Data records:
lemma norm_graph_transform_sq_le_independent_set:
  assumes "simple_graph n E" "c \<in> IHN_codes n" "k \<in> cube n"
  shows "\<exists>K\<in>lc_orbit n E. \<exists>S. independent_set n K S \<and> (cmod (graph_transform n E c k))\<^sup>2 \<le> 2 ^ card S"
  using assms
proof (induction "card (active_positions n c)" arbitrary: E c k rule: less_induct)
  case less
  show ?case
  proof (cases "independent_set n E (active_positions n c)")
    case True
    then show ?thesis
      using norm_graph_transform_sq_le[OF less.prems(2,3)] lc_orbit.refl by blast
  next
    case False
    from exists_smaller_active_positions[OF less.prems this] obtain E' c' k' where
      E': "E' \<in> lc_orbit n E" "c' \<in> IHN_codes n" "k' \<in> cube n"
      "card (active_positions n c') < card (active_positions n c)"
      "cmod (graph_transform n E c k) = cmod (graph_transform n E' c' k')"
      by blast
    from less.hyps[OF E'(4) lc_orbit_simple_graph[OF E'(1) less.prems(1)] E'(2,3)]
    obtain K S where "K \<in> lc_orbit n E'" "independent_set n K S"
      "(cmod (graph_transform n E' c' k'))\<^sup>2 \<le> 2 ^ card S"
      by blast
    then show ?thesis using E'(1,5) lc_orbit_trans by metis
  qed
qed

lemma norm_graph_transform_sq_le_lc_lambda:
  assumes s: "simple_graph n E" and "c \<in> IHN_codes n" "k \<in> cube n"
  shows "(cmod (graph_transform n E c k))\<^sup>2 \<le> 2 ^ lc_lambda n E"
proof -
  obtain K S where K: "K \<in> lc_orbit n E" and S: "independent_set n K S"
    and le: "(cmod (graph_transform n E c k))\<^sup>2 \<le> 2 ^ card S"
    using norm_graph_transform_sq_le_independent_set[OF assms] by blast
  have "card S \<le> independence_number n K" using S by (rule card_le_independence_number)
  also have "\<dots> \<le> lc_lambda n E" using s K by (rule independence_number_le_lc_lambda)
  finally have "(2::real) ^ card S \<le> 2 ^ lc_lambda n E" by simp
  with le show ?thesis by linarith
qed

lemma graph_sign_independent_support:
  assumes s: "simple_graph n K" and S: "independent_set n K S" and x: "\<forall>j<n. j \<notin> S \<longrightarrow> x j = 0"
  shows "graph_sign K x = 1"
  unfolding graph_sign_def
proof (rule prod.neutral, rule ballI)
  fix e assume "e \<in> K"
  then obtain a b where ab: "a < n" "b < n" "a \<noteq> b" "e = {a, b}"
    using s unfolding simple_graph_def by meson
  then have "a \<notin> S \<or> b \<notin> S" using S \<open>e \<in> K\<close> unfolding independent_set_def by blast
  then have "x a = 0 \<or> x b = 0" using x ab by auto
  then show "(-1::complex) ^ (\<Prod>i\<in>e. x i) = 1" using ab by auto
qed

Problem to work on: Copy out every line of the data that includes "notin".

Answer box:
  assumes s: "simple_graph n K" and S: "independent_set n K S" and x: "\<forall>j<n. j \<notin> S \<longrightarrow> x j = 0"
  then have "a \<notin> S \<or> b \<notin> S" using S \<open>e \<in> K\<close> unfolding independent_set_def by blast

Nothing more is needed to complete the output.